# helmet injury rockclimbing



## darkstar (Dec 20, 2005)

http://www.rockclimbing.com/topic/103394 you dacide what helmet you want to wear huh?


----------



## smokechase II (Dec 20, 2005)

Looks like a Monday or a Friday on the stitches.
Anybody got anything to say on polycarb helmets or what they think is the best protection?
Thanks


----------



## Sizzle-Chest (Dec 20, 2005)

thats gruesome


----------



## kf_tree (Dec 20, 2005)

darkstar said:


> http://www.rockclimbing.com/topic/103394 you dacide what helmet you want to wear huh?



so what do you wear when rock or ice climbing?


----------



## darkstar (Dec 21, 2005)

*.*

A brain bucket of course :bang:


----------



## luckycutter (Dec 21, 2005)

I think it is fair to say that the helmet took a lot of force from what was a major impact. Yes the scalp was chewed up, but normally an impact of that magnitude would have taken the head clean off, or atleast a major concussion. Most helmets of that nature are designed for a single impact of a base ball sized rock going at x miles an hour. Another thing to bare in mind is hat many such helmets are designed to last for only a few years as they do get brittle from exposure to the sun.
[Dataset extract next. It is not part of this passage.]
(* Let $\Phi\triangleright\Gamma\vdash^{(b,e,m,f)}t:\sigma$ be a tight derivation of system $\mathscr{E}$ (i.e. $\mathrm{tight}(\Gamma)$ and $\mathrm{tight}(\sigma)$). Then $t\in\mathcal{M}$ if and only if $b=e=m=0$.
   Context: Pair pattern calculus: patterns $p,q ::= x\mid\langle p,q\rangle$ (linear); $\mathrm{var}(p)$ = variables of $p$; $p\# q$ means disjoint variables. Terms $t,u ::= x\mid\lambda p.t\mid\langle t,u\rangle\mid t\,u\mid t[p/u]$, $\mathrm{var}(p)$ bound in $t$ in $\lambda p.t$ and $t[p/u]$; terms modulo $\alpha$. Canonical forms $\mathcal{M} ::= \lambda p.\mathcal{M}\mid\langle t,t\rangle\mid\mathcal{M}[\langle p_1,p_2\rangle/\mathcal{N}]\mid\mathcal{N}$; pure canonical forms $\mathcal{N} ::= x\mid\mathcal{N}\,t\mid\mathcal{N}[\langle p_1,p_2\rangle/\mathcal{N}]$. System $\mathscr{E}$. Types: tight types $\mathtt{t} ::= \bullet_{\mathcal{N}}\mid\bullet_{\mathcal{M}}$; types $\sigma ::= \mathtt{t}\mid \mathcal{A}_1\times\mathcal{A}_2\mid \mathcal{A}\to\sigma$; multi-types $\mathcal{A} ::= [\sigma_k]_{k\in K}$ (finite, possibly empty $[\,]$). Contexts map variables to multi-types, $\mathrm{dom}(\Gamma)$ = variables with non-empty multi-type; $\wedge$ pointwise multiset union; $\Gamma|_p$ restriction to $\mathrm{var}(p)$; $\Gamma\setminus\mathrm{var}(p)$ removal. $\mathrm{tight}(\sigma)$ iff $\sigma\in\{\bullet_{\mathcal{N}},\bullet_{\mathcal{M}}\}$, extended elementwise to multi-types and contexts. Rules: (pat_v) $x:\mathcal{A}\Vdash^{(1,0,0)} x:\mathcal{A}$. (pat_×) from $\Gamma\Vdash^{(e_p,m_p,f_p)}p:\mathcal{A}$, $\Delta\Vdash^{(e_q,m_q,f_q)}q:\mathcal{B}$, $p\#q$ infer $\Gamma\wedge\Delta\Vdash^{(e_p+e_q,1+m_p+m_q,f_p+f_q)}\langle p,q\rangle:[\mathcal{A}\times\mathcal{B}]$. (pat_p) if $\mathrm{dom}(\Gamma)\subseteq\mathrm{var}(\langle p,q\rangle)$ and $\mathrm{tight}(\Gamma)$ then $\Gamma\Vdash^{(0,0,1)}\langle p,q\rangle:[\bullet_{\mathcal{N}}]$. (ax) $x:[\sigma]\vdash^{(0,0,0,0)}x:\sigma$. (abs) from $\Gamma\vdash^{(b,e,m,f)}t:\sigma$ and $\Gamma|_p\Vdash^{(e_p,m_p,f_p)}p:\mathcal{A}$ infer $\Gamma\setminus\mathrm{var}(p)\vdash^{(b+1,e+e_p,m+m_p,f+f_p)}\lambda p.t:\mathcal{A}\to\sigma$. (abs_p) from $\Gamma\vdash^{(b,e,m,f)}t:\mathtt{t}$ ($\mathtt{t}$ tight) and $\mathrm{tight}(\Gamma|_p)$ infer $\Gamma\setminus\mathrm{var}(p)\vdash^{(b,e,m,f+1)}\lambda p.t:\bullet_{\mathcal{M}}$. (many) from $(\Gamma_k\vdash^{(b_k,e_k,m_k,f_k)}t:\sigma_k)_{k\in K}$ infer $\wedge_k\Gamma_k\vdash^{(\sum b_k,\sum e_k,\sum m_k,\sum f_k)}t:[\sigma_k]_{k\in K}$. (app) from $\Gamma\vdash^{(b_t,e_t,m_t,f_t)}t:\mathcal{A}\to\sigma$, $\Delta\vdash^{(b_u,e_u,m_u,f_u)}u:\mathcal{A}$ infer $\Gamma\wedge\Delta\vdash^{(b_t+b_u,e_t+e_u,m_t+m_u,f_t+f_u)}t\,u:\sigma$. (app_p) from $\Gamma\vdash^{(b,e,m,f)}t:\bullet_{\mathcal{N}}$ infer $\Gamma\vdash^{(b,e,m,f+1)}t\,u:\bullet_{\mathcal{N}}$. (pair) from $\Gamma\vdash^{(b_t,e_t,m_t,f_t)}t:\mathcal{A}$, $\Delta\vdash^{(b_u,e_u,m_u,f_u)}u:\mathcal{B}$ infer $\Gamma\wedge\Delta\vdash^{(b_t+b_u,e_t+e_u,m_t+m_u,f_t+f_u)}\langle t,u\rangle:\mathcal{A}\times\mathcal{B}$. (pair_p) $\vdash^{(0,0,0,1)}\langle t,u\rangle:\bullet_{\mathcal{M}}$. (match) from $\Gamma\vdash^{(b_t,e_t,m_t,f_t)}t:\sigma$, $\Gamma|_p\Vdash^{(e_p,m_p,f_p)}p:\mathcal{A}$, $\Delta\vdash^{(b_u,e_u,m_u,f_u)}u:\mathcal{A}$ infer $(\Gamma\setminus\mathrm{var}(p))\wedge\Delta\vdash^{(b_t+b_u,e_t+e_u+e_p,m_t+m_u+m_p,f_t+f_u+f_p)}t[p/u]:\sigma$. A derivation of $\Gamma\vdash^{(b,e,m,f)}t:\sigma$ is tight if $\mathrm{tight}(\Gamma)$ and $\mathrm{tight}(\sigma)$. *)

theory Defs
  imports Main "HOL-Library.Multiset"
begin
Know your gear. Your life depends on it.


----------



## begleytree (Dec 21, 2005)

Actually standard is an 8lb steel ball dropped from 5 feet onto the headgear.
Your head in it at the time of test is optional 
-Ralph


----------



## moss (Dec 21, 2005)

Based on the description of the accident it sounds like the uncontrolled swing into an overhanging sharp-edged ledge during a rappel was more of a factor than what kind of helmet they were wearing.

That said, the ultra-light Petzl Meteor helmet that the victim was wearing doesn't inspire confidence. I can't imagine that an arborist would want to use the Meteor for day-to-day work, it just wouldn't hold up and it's not designed to.
-moss


----------



## Eagle1 (Dec 23, 2005)

off the topic but did you all read on in that forum? They sound like us..LOL


----------



## notahacker (Dec 23, 2005)

Eagle1 said:


> off the topic but did you all read on in that forum? They sound like us..LOL



I noticed that too!


----------



## darkstar (Dec 23, 2005)

Im a member of several different rock climbing forums and while they do sound like us ,trust me on this one .Rockclimbers are much more petty and bichhyy. Climbers have this almost not understandable set of rules that we generally try to inforce on each other. One side is the trad climbers traditional climbers and the other sides are the sport climbers and the boulderers. Now you can be all threebut rockclimbers love to whine and moan about exactly what rules apply to what rocks . 
I find the tree climbers to be overall much more open to new ideas and less prone to point the finger. I generall get alot more out of reading the tree men post than the rockclimbers.


----------